**Exercise aim**
Filter the records below and copy every line containing the word "True".
——————
(* Let $G$ be a graph with no isolated vertex and $H$ a nontrivial graph with $\gamma(H)=1$. Then there exists a $\gamma_{(1,0,0)}^s(G\circ H)$-function $f$ such that $f(V(H_u))=\sum_{y\in V(H)}f(u,y)\le2$ for every $u\in V(G)$.
   Context: All graphs are finite and simple; nontrivial means at least two vertices; $\gamma(H)$ is the domination number. For a graph $G$, a function $f:V(G)\to\{0,1,2\}$ is a $(1,0,0)$-dominating function if every vertex $v$ with $f(v)=0$ satisfies $\sum_{u\in N(v)}f(u)\ge1$ ($N(v)$ the open neighbourhood). For adjacent $v,u$ with $f(v)=0$, $f(u)>0$, $f_{u\to v}$ is defined by $f_{u\to v}(v)=1$, $f_{u\to v}(u)=f(u)-1$, $f_{u\to v}(x)=f(x)$ otherwise. $f$ is a secure $(1,0,0)$-dominating function if it is $(1,0,0)$-dominating and for every $v$ with $f(v)=0$ there is $u\in N(v)$ with $f(u)>0$ such that $f_{u\to v}$ is $(1,0,0)$-dominating. $\gamma_{(1,0,0)}^s(G)$ (the weak Roman domination number) is the minimum of $\sum_v f(v)$ over such functions, and a $\gamma_{(1,0,0)}^s(G)$-function is one attaining this minimum. The lexicographic product $G\circ H$ has vertex set $V(G)\times V(H)$, with $(u,v)(x,y)$ an edge iff $ux\in E(G)$, or $u=x$ and $vy\in E(H)$; $H_u$ is the subgraph induced by $\{u\}\times V(H)$. *)

theory Defs
  imports Main
begin

definition graph :: "'a set \<Rightarrow> ('a \<Rightarrow> 'a \<Rightarrow> bool) \<Rightarrow> bool" where
  "graph V E \<longleftrightarrow> finite V \<and> (\<forall>x y. E x y \<longrightarrow> x \<in> V \<and> y \<in> V)
     \<and> (\<forall>x y. E x y \<longrightarrow> E y x) \<and> (\<forall>x. \<not> E x x)"

definition nbhd :: "'a set \<Rightarrow> ('a \<Rightarrow> 'a \<Rightarrow> bool) \<Rightarrow> 'a \<Rightarrow> 'a set" where
  "nbhd V E v = {u \<in> V. E v u}"

definition no_isolated :: "'a set \<Rightarrow> ('a \<Rightarrow> 'a \<Rightarrow> bool) \<Rightarrow> bool" where
  "no_isolated V E \<longleftrightarrow> (\<forall>v\<in>V. nbhd V E v \<noteq> {})"

definition dominating_set :: "'a set \<Rightarrow> ('a \<Rightarrow> 'a \<Rightarrow> bool) \<Rightarrow> 'a set \<Rightarrow> bool" where
  "dominating_set V E D \<longleftrightarrow> D \<subseteq> V \<and> (\<forall>v \<in> V - D. \<exists>u\<in>D. E v u)"

definition domination_number :: "'a set \<Rightarrow> ('a \<Rightarrow> 'a \<Rightarrow> bool) \<Rightarrow> nat" where
  "domination_number V E = (LEAST k. \<exists>D. dominating_set V E D \<and> card D = k)"

definition lex_vertices :: "'a set \<Rightarrow> 'b set \<Rightarrow> ('a \<times> 'b) set" where
  "lex_vertices VG VH = VG \<times> VH"

definition lex_edge :: "'a set \<Rightarrow> ('a \<Rightarrow> 'a \<Rightarrow> bool) \<Rightarrow> 'b set \<Rightarrow> ('b \<Rightarrow> 'b \<Rightarrow> bool)
     \<Rightarrow> 'a \<times> 'b \<Rightarrow> 'a \<times> 'b \<Rightarrow> bool" where
  "lex_edge VG EG VH EH p q \<longleftrightarrow> p \<in> VG \<times> VH \<and> q \<in> VG \<times> VH \<and>
     (EG (fst p) (fst q) \<or> (fst p = fst q \<and> EH (snd p) (snd q)))"

definition labelling :: "'a set \<Rightarrow> ('a \<Rightarrow> nat) \<Rightarrow> bool" where
  "labelling V f \<longleftrightarrow> (\<forall>v\<in>V. f v \<le> 2) \<and> (\<forall>v. v \<notin> V \<longrightarrow> f v = 0)"

definition dom100 :: "'a set \<Rightarrow> ('a \<Rightarrow> 'a \<Rightarrow> bool) \<Rightarrow> ('a \<Rightarrow> nat) \<Rightarrow> bool" where
  "dom100 V E f \<longleftrightarrow> labelling V f \<and>
     (\<forall>v\<in>V. f v = 0 \<longrightarrow> (\<Sum>u\<in>nbhd V E v. f u) \<ge> 1)"

definition move :: "('a \<Rightarrow> nat) \<Rightarrow> 'a \<Rightarrow> 'a \<Rightarrow> 'a \<Rightarrow> nat" where
  "move f u v = (\<lambda>x. if x = v then 1 else if x = u then f u - 1 else f x)"

definition secure_dom100 :: "'a set \<Rightarrow> ('a \<Rightarrow> 'a \<Rightarrow> bool) \<Rightarrow> ('a \<Rightarrow> nat) \<Rightarrow> bool" where
  "secure_dom100 V E f \<longleftrightarrow> dom100 V E f \<and>
     (\<forall>v\<in>V. f v = 0 \<longrightarrow> (\<exists>u\<in>nbhd V E v. f u > 0 \<and> dom100 V E (move f u v)))"

definition weight :: "'a set \<Rightarrow> ('a \<Rightarrow> nat) \<Rightarrow> nat" where
  "weight V f = (\<Sum>v\<in>V. f v)"

definition wrd_number :: "'a set \<Rightarrow> ('a \<Rightarrow> 'a \<Rightarrow> bool) \<Rightarrow> nat" where
  "wrd_number V E = (LEAST k. \<exists>f. secure_dom100 V E f \<and> weight V f = k)"

definition wrd_function :: "'a set \<Rightarrow> ('a \<Rightarrow> 'a \<Rightarrow> bool) \<Rightarrow> ('a \<Rightarrow> nat) \<Rightarrow> bool" where
  "wrd_function V E f \<longleftrightarrow> secure_dom100 V E f \<and> weight V f = wrd_number V E"

end

theory Submission
  imports Defs
begin

text \<open>Since \<open>\<gamma>(H) = 1\<close>, \<open>H\<close> has a vertex \<open>h\<close> adjacent to all others. If a
minimum secure \<open>(1,0,0)\<close>-dominating function \<open>f\<close> of \<open>G \<circ> H\<close> put weight more
than 2 on a layer \<open>H\<^sub>u\<close>, replace it there by 2 at \<open>(u, h)\<close> and 0 elsewhere on \<open>H\<^sub>u\<close>.
Only the neighbourhoods of vertices of \<open>H\<^sub>u\<close> and of the layers \<open>H\<^sub>x\<close> with \<open>x\<close>
adjacent to \<open>u\<close> meet \<open>H\<^sub>u\<close>, and all of them contain \<open>(u, h)\<close>, which keeps
weight 1 even after a unit moves away from it. So the new function is again
secure \<open>(1,0,0)\<close>-dominating but lighter, a contradiction. Hence every minimum
function has the property.\<close>

lemma domination_number_1_universal_vertex:
  assumes "domination_number V E = 1"
  obtains h where "h \<in> V" "\<And>y. y \<in> V \<Longrightarrow> y \<noteq> h \<Longrightarrow> E y h"
proof -
  have "\<exists>k D. dominating_set V E D \<and> card D = k"
    unfolding dominating_set_def by blast
  then have "\<exists>D. dominating_set V E D \<and> card D = domination_number V E"
    unfolding domination_number_def by (rule LeastI_ex)
  then obtain D where "dominating_set V E D" "card D = 1"
    using assms by auto
  then obtain h where "D = {h}" "dominating_set V E {h}"
    by (metis card_1_singletonE)
  then show thesis
    using that unfolding dominating_set_def by auto
qed

lemma wrd_number_le:
  assumes "secure_dom100 V E f"
  shows "wrd_number V E \<le> weight V f"
  unfolding wrd_number_def by (rule Least_le) (use assms in auto)

lemma wrd_function_exists: "\<exists>f. wrd_function V E f"
proof -
  have "secure_dom100 V E (\<lambda>v. if v \<in> V then 1 else 0)"
    unfolding secure_dom100_def dom100_def labelling_def by auto
  then have "\<exists>k f. secure_dom100 V E f \<and> weight V f = k"
    by blast
  then show ?thesis
    unfolding wrd_function_def wrd_number_def by (rule LeastI_ex)
qed

lemma labelling_move:
  assumes "labelling V f" "u \<in> V" "v \<in> V"
  shows "labelling V (move f u v)"
  using assms unfolding labelling_def move_def by auto

lemma weight_product_less_layer:
  fixes f g :: "'a \<times> 'b \<Rightarrow> nat"
  assumes "finite A" "finite B" "u \<in> A"
    and agree: "\<And>p. fst p \<noteq> u \<Longrightarrow> g p = f p"
    and less: "(\<Sum>y\<in>B. g (u, y)) < (\<Sum>y\<in>B. f (u, y))"
  shows "weight (A \<times> B) g < weight (A \<times> B) f"
proof -
  have weight_eq: "weight (A \<times> B) k = (\<Sum>y\<in>B. k (u, y)) + (\<Sum>x\<in>A - {u}. \<Sum>y\<in>B. k (x, y))"
    for k :: "'a \<times> 'b \<Rightarrow> nat"
  proof -
    have "weight (A \<times> B) k = (\<Sum>x\<in>A. \<Sum>y\<in>B. k (x, y))"
      unfolding weight_def by (simp add: sum.cartesian_product)
    then show ?thesis
      using assms(1,3) by (simp add: sum.remove)
  qed
  have "(\<Sum>x\<in>A - {u}. \<Sum>y\<in>B. g (x, y)) = (\<Sum>x\<in>A - {u}. \<Sum>y\<in>B. f (x, y))"
    using agree by simp
  then show ?thesis
    using less by (simp add: weight_eq)
qed

locale lex_universal_vertex =
  fixes VG :: "'a set" and EG :: "'a \<Rightarrow> 'a \<Rightarrow> bool"
    and VH :: "'b set" and EH :: "'b \<Rightarrow> 'b \<Rightarrow> bool" and h :: 'b
  assumes finite_VG: "finite VG" and finite_VH: "finite VH"
    and h_in_VH: "h \<in> VH" and universal: "\<And>y. y \<in> VH \<Longrightarrow> y \<noteq> h \<Longrightarrow> EH y h"
begin

abbreviation V :: "('a \<times> 'b) set" where "V \<equiv> VG \<times> VH"
abbreviation E :: "'a \<times> 'b \<Rightarrow> 'a \<times> 'b \<Rightarrow> bool" where "E \<equiv> lex_edge VG EG VH EH"

definition concentrate :: "('a \<times> 'b \<Rightarrow> nat) \<Rightarrow> 'a \<Rightarrow> 'a \<times> 'b \<Rightarrow> nat" where
  "concentrate f u = (\<lambda>p. if fst p = u then (if snd p = h then 2 else 0) else f p)"

lemma hub_in_nbhd:
  assumes "u \<in> VG" "p \<in> V" "p \<noteq> (u, h)" "fst p = u \<or> EG (fst p) u"
  shows "(u, h) \<in> nbhd V E p"
  using assms h_in_VH universal[of "snd p"]
  unfolding nbhd_def lex_edge_def by (cases p) auto

lemma dom100_update_layer:
  assumes u: "u \<in> VG"
    and dom_g: "dom100 V E g" and lab_g': "labelling V g'"
    and agree: "\<And>p. fst p \<noteq> u \<Longrightarrow> g' p = g p"
    and hub: "g' (u, h) \<ge> 1"
  shows "dom100 V E g'"
proof -
  have "(\<Sum>q\<in>nbhd V E p. g' q) \<ge> 1" if p: "p \<in> V" "g' p = 0" for p
  proof (cases "fst p = u \<or> EG (fst p) u")
    case True
    then have "(u, h) \<in> nbhd V E p"
      using hub_in_nbhd[OF u p(1)] p(2) hub by fastforce
    moreover have "finite (nbhd V E p)"
      using finite_VG finite_VH unfolding nbhd_def by auto
    ultimately have "g' (u, h) \<le> (\<Sum>q\<in>nbhd V E p. g' q)"
      by (intro member_le_sum) auto
    then show ?thesis
      using hub by simp
  next
    case False
    have "fst q \<noteq> u" if "q \<in> nbhd V E p" for q
      using that False unfolding nbhd_def lex_edge_def by auto
    then have "(\<Sum>q\<in>nbhd V E p. g' q) = (\<Sum>q\<in>nbhd V E p. g q)"
      using agree by (intro sum.cong) auto
    moreover have "g p = 0"
      using agree False p(2) by metis
    ultimately show ?thesis
      using dom_g p(1) unfolding dom100_def by auto
  qed
  then show ?thesis
    using lab_g' unfolding dom100_def by auto
qed

lemma labelling_concentrate:
  assumes "labelling V f" "u \<in> VG"
  shows "labelling V (concentrate f u)"
  using assms h_in_VH unfolding labelling_def concentrate_def by auto

lemma layer_sum_concentrate: "(\<Sum>y\<in>VH. concentrate f u (u, y)) = 2"
proof -
  have "(\<Sum>y\<in>VH. concentrate f u (u, y)) = (\<Sum>y\<in>VH. if y = h then 2 else 0)"
    unfolding concentrate_def by (intro sum.cong) auto
  also have "\<dots> = 2"
    using finite_VH h_in_VH by simp
  finally show ?thesis .
qed

lemma dom100_move_from_hub:
  assumes u: "u \<in> VG" and lab: "labelling V f" and p: "p \<in> V" "p \<noteq> (u, h)"
    and dom_g: "dom100 V E g"
    and agree: "\<And>q. fst q \<noteq> u \<Longrightarrow> move (concentrate f u) (u, h) p q = g q"
  shows "dom100 V E (move (concentrate f u) (u, h) p)"
proof (rule dom100_update_layer[OF u dom_g _ agree])
  show "labelling V (move (concentrate f u) (u, h) p)"
    using labelling_move[OF labelling_concentrate[OF lab u]] u h_in_VH p(1) by simp
  show "move (concentrate f u) (u, h) p (u, h) \<ge> 1"
    using p(2) unfolding move_def concentrate_def by simp
qed

lemma secure_dom100_concentrate:
  assumes sec: "secure_dom100 V E f" and u: "u \<in> VG"
  shows "secure_dom100 V E (concentrate f u)"
proof -
  let ?f' = "concentrate f u"
  have dom_f: "dom100 V E f" and lab_f: "labelling V f"
    using sec unfolding secure_dom100_def dom100_def by auto
  have dom_f': "dom100 V E ?f'"
    by (rule dom100_update_layer[OF u dom_f labelling_concentrate[OF lab_f u]])
      (auto simp: concentrate_def)
  have "\<exists>w\<in>nbhd V E p. ?f' w > 0 \<and> dom100 V E (move ?f' w p)"
    if p: "p \<in> V" "?f' p = 0" for p
  proof -
    have p_ne_hub: "p \<noteq> (u, h)"
      using p(2) by (auto simp: concentrate_def)
    have hub_ok: "(u, h) \<in> nbhd V E p \<and> ?f' (u, h) > 0"
      if "fst p = u \<or> EG (fst p) u"
      using hub_in_nbhd[OF u p(1) p_ne_hub that] by (simp add: concentrate_def)
    show ?thesis
    proof (cases "fst p = u")
      case True
      have "dom100 V E (move ?f' (u, h) p)"
        by (rule dom100_move_from_hub[OF u lab_f p(1) p_ne_hub dom_f])
          (use True in \<open>auto simp: move_def concentrate_def\<close>)
      then show ?thesis
        using hub_ok True by blast
    next
      case False
      then have "f p = 0"
        using p(2) by (simp add: concentrate_def)
      then obtain w where w: "w \<in> nbhd V E p" "f w > 0" and dom_w: "dom100 V E (move f w p)"
        using sec p(1) unfolding secure_dom100_def by blast
      show ?thesis
      proof (cases "fst w = u")
        case True
        then have "EG (fst p) u"
          using w(1) False unfolding nbhd_def lex_edge_def by auto
        moreover have "dom100 V E (move ?f' (u, h) p)"
          by (rule dom100_move_from_hub[OF u lab_f p(1) p_ne_hub dom_w])
            (use True in \<open>auto simp: move_def concentrate_def\<close>)
        ultimately show ?thesis
          using hub_ok by blast
      next
        case w_off_layer: False
        have "dom100 V E (move ?f' w p)"
        proof (rule dom100_update_layer[OF u dom_w])
          show "labelling V (move ?f' w p)"
            using labelling_move[OF labelling_concentrate[OF lab_f u]] w(1) p(1)
            unfolding nbhd_def by auto
          show "move ?f' w p q = move f w p q" if "fst q \<noteq> u" for q
            using that w_off_layer by (simp add: move_def concentrate_def)
          show "move ?f' w p (u, h) \<ge> 1"
            using False w_off_layer by (auto simp: move_def concentrate_def)
        qed
        then show ?thesis
          using w w_off_layer by (auto simp: concentrate_def)
      qed
    qed
  qed
  then show ?thesis
    using dom_f' unfolding secure_dom100_def by blast
qed

lemma wrd_function_layer_sum_le_2:
  assumes "wrd_function V E f" "u \<in> VG"
  shows "(\<Sum>y\<in>VH. f (u, y)) \<le> 2"
proof (rule ccontr)
  assume "\<not> (\<Sum>y\<in>VH. f (u, y)) \<le> 2"
  then have "(\<Sum>y\<in>VH. concentrate f u (u, y)) < (\<Sum>y\<in>VH. f (u, y))"
    by (simp add: layer_sum_concentrate)
  then have "weight V (concentrate f u) < weight V f"
    by (intro weight_product_less_layer[OF finite_VG finite_VH \<open>u \<in> VG\<close>])
      (simp_all add: concentrate_def)
  moreover have "wrd_number V E \<le> weight V (concentrate f u)"
    using assms secure_dom100_concentrate wrd_number_le unfolding wrd_function_def by blast
  ultimately show False
    using assms(1) unfolding wrd_function_def by simp
qed

end

theorem lemma14:
  fixes VG :: "'a set" and EG :: "'a \<Rightarrow> 'a \<Rightarrow> bool"
    and VH :: "'b set" and EH :: "'b \<Rightarrow> 'b \<Rightarrow> bool"
  assumes "graph VG EG" and "no_isolated VG EG"
    and "graph VH EH" and "card VH \<ge> 2" and "domination_number VH EH = 1"
  shows "\<exists>f. wrd_function (lex_vertices VG VH) (lex_edge VG EG VH EH) f \<and>
           (\<forall>u\<in>VG. (\<Sum>y\<in>VH. f (u, y)) \<le> 2)"
proof -
  obtain h where "h \<in> VH" "\<And>y. y \<in> VH \<Longrightarrow> y \<noteq> h \<Longrightarrow> EH y h"
    using domination_number_1_universal_vertex[OF assms(5)] by blast
  then interpret lex_universal_vertex VG EG VH EH h
    using assms(1,3) unfolding graph_def by unfold_locales auto
  obtain f where "wrd_function V E f"
    using wrd_function_exists by blast
  then show ?thesis
    unfolding lex_vertices_def using wrd_function_layer_sum_le_2 by blast
qed

end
——————
**Exercise answer**
    case True
      case True
          (use True in \<open>auto simp: move_def concentrate_def\<close>)
        using hub_ok True by blast
        case True
            (use True in \<open>auto simp: move_def concentrate_def\<close>)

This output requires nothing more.